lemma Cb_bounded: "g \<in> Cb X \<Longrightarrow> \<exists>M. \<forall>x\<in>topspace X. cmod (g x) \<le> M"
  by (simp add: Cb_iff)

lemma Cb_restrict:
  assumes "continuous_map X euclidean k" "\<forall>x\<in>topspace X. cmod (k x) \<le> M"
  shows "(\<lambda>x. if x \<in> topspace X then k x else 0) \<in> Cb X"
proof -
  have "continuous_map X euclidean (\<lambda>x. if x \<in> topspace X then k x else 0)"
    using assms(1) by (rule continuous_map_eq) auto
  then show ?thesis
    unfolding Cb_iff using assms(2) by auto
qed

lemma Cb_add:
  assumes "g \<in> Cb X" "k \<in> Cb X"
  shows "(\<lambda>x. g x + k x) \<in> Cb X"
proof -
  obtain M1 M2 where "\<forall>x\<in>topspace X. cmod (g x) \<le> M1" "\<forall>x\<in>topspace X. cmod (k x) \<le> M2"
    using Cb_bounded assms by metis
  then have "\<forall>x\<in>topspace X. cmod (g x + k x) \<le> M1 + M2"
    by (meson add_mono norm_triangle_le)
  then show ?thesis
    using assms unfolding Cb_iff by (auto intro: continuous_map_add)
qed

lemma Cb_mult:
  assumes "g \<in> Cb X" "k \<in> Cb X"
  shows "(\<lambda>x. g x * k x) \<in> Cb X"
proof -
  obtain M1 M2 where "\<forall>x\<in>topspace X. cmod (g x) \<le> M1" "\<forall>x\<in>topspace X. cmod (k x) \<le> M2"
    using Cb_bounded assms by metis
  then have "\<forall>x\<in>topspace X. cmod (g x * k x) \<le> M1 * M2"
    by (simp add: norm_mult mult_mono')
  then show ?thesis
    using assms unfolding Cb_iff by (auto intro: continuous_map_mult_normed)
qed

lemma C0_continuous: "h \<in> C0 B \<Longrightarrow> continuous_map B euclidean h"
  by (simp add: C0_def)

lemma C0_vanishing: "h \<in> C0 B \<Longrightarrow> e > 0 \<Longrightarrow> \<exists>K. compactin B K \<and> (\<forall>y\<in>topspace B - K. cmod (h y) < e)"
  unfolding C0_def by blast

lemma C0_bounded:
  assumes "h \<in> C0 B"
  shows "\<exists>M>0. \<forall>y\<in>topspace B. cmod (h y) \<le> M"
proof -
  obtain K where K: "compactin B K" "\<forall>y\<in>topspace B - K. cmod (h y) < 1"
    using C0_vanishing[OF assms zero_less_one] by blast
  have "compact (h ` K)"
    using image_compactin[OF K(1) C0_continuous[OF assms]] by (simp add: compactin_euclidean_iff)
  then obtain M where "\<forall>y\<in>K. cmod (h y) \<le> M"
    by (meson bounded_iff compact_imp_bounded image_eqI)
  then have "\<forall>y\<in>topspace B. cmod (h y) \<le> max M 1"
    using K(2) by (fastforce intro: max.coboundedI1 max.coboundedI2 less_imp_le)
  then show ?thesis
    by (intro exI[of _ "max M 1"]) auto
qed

- - - -

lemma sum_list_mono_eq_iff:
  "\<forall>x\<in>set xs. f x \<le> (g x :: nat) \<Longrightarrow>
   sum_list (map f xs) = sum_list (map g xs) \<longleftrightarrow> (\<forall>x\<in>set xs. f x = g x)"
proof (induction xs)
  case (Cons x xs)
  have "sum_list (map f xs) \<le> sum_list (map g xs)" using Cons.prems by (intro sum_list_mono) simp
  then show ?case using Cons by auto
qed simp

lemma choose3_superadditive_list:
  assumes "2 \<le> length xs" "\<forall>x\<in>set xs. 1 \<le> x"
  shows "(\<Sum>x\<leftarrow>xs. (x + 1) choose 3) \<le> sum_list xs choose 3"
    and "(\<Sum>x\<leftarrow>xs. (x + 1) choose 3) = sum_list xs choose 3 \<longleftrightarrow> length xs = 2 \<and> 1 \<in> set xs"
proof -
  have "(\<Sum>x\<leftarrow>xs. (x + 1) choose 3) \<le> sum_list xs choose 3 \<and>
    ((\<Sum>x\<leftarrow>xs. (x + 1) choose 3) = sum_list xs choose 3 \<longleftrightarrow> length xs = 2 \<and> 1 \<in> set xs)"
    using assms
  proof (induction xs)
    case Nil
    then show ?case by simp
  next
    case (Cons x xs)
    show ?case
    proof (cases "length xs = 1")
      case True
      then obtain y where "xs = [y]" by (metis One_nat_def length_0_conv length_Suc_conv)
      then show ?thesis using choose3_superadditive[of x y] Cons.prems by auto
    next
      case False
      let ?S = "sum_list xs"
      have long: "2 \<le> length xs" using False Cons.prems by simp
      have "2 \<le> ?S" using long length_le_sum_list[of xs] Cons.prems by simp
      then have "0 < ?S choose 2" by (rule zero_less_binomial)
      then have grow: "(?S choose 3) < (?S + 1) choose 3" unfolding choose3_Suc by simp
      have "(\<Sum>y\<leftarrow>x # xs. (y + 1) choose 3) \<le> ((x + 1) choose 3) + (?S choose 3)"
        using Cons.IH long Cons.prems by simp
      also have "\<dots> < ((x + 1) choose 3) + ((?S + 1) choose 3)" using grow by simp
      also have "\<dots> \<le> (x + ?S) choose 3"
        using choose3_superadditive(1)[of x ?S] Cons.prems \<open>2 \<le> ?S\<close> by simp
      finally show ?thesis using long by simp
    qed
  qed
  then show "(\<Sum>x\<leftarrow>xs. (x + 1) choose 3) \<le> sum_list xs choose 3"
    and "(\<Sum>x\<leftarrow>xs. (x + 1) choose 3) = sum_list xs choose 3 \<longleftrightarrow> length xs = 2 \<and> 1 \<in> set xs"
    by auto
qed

- - - -

**TO DO:** Extract every line containing the string "lemma" from the data above.

**ANSWER TO THIS TASK:**
lemma Cb_bounded: "g \<in> Cb X \<Longrightarrow> \<exists>M. \<forall>x\<in>topspace X. cmod (g x) \<le> M"
lemma Cb_restrict:
lemma Cb_add:
lemma Cb_mult:
lemma C0_continuous: "h \<in> C0 B \<Longrightarrow> continuous_map B euclidean h"
lemma C0_vanishing: "h \<in> C0 B \<Longrightarrow> e > 0 \<Longrightarrow> \<exists>K. compactin B K \<and> (\<forall>y\<in>topspace B - K. cmod (h y) < e)"
lemma C0_bounded:
lemma sum_list_mono_eq_iff:
lemma choose3_superadditive_list:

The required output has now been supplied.